The task. If a line of the data below contains the string "ultimately", copy it into your answer.

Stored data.
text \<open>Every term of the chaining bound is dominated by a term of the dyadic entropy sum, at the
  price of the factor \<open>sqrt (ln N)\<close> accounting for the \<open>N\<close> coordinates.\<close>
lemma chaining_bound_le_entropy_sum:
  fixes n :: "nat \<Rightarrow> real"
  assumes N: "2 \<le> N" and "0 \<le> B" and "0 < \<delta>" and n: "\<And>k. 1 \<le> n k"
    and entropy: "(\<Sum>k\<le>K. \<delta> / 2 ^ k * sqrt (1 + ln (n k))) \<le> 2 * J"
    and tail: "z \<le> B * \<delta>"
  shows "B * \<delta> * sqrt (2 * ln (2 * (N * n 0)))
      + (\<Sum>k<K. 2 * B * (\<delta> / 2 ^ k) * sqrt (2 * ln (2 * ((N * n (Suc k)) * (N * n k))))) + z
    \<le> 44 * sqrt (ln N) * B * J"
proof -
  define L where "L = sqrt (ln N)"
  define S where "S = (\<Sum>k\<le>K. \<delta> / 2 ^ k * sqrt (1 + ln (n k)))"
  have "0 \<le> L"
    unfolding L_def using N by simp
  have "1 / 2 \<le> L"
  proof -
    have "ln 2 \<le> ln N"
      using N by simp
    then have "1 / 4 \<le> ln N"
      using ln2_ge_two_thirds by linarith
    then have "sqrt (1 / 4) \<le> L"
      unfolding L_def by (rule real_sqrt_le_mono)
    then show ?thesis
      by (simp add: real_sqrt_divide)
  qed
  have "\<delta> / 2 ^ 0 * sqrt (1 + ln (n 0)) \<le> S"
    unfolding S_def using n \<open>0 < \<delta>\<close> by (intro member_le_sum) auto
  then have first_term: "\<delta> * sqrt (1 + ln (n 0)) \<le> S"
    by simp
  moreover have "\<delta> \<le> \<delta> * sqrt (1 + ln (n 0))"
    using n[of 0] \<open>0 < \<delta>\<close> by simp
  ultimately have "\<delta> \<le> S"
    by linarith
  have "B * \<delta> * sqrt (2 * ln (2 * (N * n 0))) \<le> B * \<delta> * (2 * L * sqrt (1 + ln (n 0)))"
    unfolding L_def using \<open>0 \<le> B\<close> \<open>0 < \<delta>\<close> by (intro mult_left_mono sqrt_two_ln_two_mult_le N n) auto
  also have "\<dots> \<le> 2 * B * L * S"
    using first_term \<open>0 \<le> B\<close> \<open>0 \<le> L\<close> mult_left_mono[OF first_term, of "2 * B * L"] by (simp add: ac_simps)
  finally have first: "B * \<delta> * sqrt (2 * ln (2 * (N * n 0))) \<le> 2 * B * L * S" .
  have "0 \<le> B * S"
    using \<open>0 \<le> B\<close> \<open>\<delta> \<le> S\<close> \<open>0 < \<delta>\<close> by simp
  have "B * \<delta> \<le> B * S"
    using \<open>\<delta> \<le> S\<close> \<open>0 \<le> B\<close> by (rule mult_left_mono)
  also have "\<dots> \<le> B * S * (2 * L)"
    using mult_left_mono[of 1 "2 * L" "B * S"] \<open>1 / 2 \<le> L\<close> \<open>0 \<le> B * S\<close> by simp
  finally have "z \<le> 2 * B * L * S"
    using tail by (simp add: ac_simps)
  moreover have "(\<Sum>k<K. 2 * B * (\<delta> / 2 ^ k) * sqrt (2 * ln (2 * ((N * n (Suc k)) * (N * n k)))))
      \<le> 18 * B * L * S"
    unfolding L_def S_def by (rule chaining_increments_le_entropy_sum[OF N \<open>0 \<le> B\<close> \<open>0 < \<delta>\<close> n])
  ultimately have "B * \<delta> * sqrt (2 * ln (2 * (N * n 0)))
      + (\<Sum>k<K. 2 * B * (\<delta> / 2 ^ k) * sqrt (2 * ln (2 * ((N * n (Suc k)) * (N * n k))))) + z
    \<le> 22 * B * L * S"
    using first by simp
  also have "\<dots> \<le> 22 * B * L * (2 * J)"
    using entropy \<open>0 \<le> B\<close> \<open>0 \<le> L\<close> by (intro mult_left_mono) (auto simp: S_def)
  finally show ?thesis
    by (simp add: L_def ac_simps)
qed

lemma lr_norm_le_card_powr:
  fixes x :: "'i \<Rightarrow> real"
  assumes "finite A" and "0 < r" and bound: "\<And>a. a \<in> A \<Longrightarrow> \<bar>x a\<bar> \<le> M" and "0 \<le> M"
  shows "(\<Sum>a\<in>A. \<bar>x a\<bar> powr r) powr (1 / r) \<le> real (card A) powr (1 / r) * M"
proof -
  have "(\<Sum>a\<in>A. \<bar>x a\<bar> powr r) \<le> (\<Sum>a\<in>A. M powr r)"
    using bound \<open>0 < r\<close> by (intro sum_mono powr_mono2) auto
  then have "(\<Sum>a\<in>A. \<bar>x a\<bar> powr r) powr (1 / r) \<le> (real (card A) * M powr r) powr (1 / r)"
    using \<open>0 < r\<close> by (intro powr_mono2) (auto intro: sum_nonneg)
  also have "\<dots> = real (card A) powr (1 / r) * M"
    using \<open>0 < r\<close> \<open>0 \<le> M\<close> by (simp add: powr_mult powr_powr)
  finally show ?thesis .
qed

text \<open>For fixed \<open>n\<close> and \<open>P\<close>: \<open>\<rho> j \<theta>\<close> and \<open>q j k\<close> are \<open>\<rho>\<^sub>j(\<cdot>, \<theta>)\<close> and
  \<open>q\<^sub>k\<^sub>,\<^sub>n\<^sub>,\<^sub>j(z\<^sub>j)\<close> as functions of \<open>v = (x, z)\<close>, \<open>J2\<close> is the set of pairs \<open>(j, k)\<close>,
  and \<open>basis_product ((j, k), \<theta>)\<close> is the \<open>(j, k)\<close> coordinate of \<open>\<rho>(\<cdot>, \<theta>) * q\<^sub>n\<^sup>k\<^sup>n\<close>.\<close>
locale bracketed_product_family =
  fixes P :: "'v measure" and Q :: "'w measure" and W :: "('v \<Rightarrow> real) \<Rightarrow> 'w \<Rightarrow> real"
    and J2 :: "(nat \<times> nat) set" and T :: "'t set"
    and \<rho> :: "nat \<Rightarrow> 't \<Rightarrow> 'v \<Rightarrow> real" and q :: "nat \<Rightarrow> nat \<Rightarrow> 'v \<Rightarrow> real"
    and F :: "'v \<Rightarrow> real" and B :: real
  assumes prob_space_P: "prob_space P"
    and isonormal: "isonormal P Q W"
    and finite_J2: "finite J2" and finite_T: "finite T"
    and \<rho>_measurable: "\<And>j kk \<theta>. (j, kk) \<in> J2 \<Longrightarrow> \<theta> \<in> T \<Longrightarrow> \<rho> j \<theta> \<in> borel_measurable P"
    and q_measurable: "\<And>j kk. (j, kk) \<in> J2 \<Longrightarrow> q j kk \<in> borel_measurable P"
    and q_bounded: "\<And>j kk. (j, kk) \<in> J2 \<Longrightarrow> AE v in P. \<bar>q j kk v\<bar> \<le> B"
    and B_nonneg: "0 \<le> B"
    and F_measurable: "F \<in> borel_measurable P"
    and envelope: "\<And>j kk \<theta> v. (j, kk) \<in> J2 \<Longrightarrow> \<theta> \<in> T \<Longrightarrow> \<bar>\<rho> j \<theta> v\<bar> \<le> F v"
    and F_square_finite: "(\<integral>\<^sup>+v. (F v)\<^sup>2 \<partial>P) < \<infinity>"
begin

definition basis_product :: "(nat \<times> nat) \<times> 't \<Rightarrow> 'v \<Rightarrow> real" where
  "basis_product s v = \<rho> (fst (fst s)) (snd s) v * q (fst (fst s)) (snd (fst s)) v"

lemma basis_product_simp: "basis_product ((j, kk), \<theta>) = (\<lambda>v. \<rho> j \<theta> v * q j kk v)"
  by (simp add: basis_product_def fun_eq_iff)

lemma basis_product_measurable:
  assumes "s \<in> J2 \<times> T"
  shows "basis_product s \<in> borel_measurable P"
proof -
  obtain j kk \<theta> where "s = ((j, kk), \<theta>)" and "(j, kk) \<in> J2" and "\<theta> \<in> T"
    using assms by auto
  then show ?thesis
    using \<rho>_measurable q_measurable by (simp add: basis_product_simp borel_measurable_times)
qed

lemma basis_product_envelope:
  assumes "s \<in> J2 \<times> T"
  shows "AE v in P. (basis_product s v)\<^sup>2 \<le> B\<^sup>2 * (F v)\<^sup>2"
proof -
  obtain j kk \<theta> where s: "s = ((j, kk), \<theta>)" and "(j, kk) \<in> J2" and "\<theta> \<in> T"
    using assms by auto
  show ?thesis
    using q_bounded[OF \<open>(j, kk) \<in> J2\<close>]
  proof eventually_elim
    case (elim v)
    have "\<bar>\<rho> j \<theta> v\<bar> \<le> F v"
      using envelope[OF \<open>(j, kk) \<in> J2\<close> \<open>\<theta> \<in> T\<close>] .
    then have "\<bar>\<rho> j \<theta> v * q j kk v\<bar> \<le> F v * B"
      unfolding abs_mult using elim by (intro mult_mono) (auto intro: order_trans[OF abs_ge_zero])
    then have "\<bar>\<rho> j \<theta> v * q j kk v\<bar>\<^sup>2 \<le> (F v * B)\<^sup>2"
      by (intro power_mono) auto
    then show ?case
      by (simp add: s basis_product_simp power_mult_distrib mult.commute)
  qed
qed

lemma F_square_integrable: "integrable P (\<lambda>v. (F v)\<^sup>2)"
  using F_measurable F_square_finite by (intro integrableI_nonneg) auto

Problem solution.
  ultimately have "\<delta> \<le> S"
  ultimately have "B * \<delta> * sqrt (2 * ln (2 * (N * n 0)))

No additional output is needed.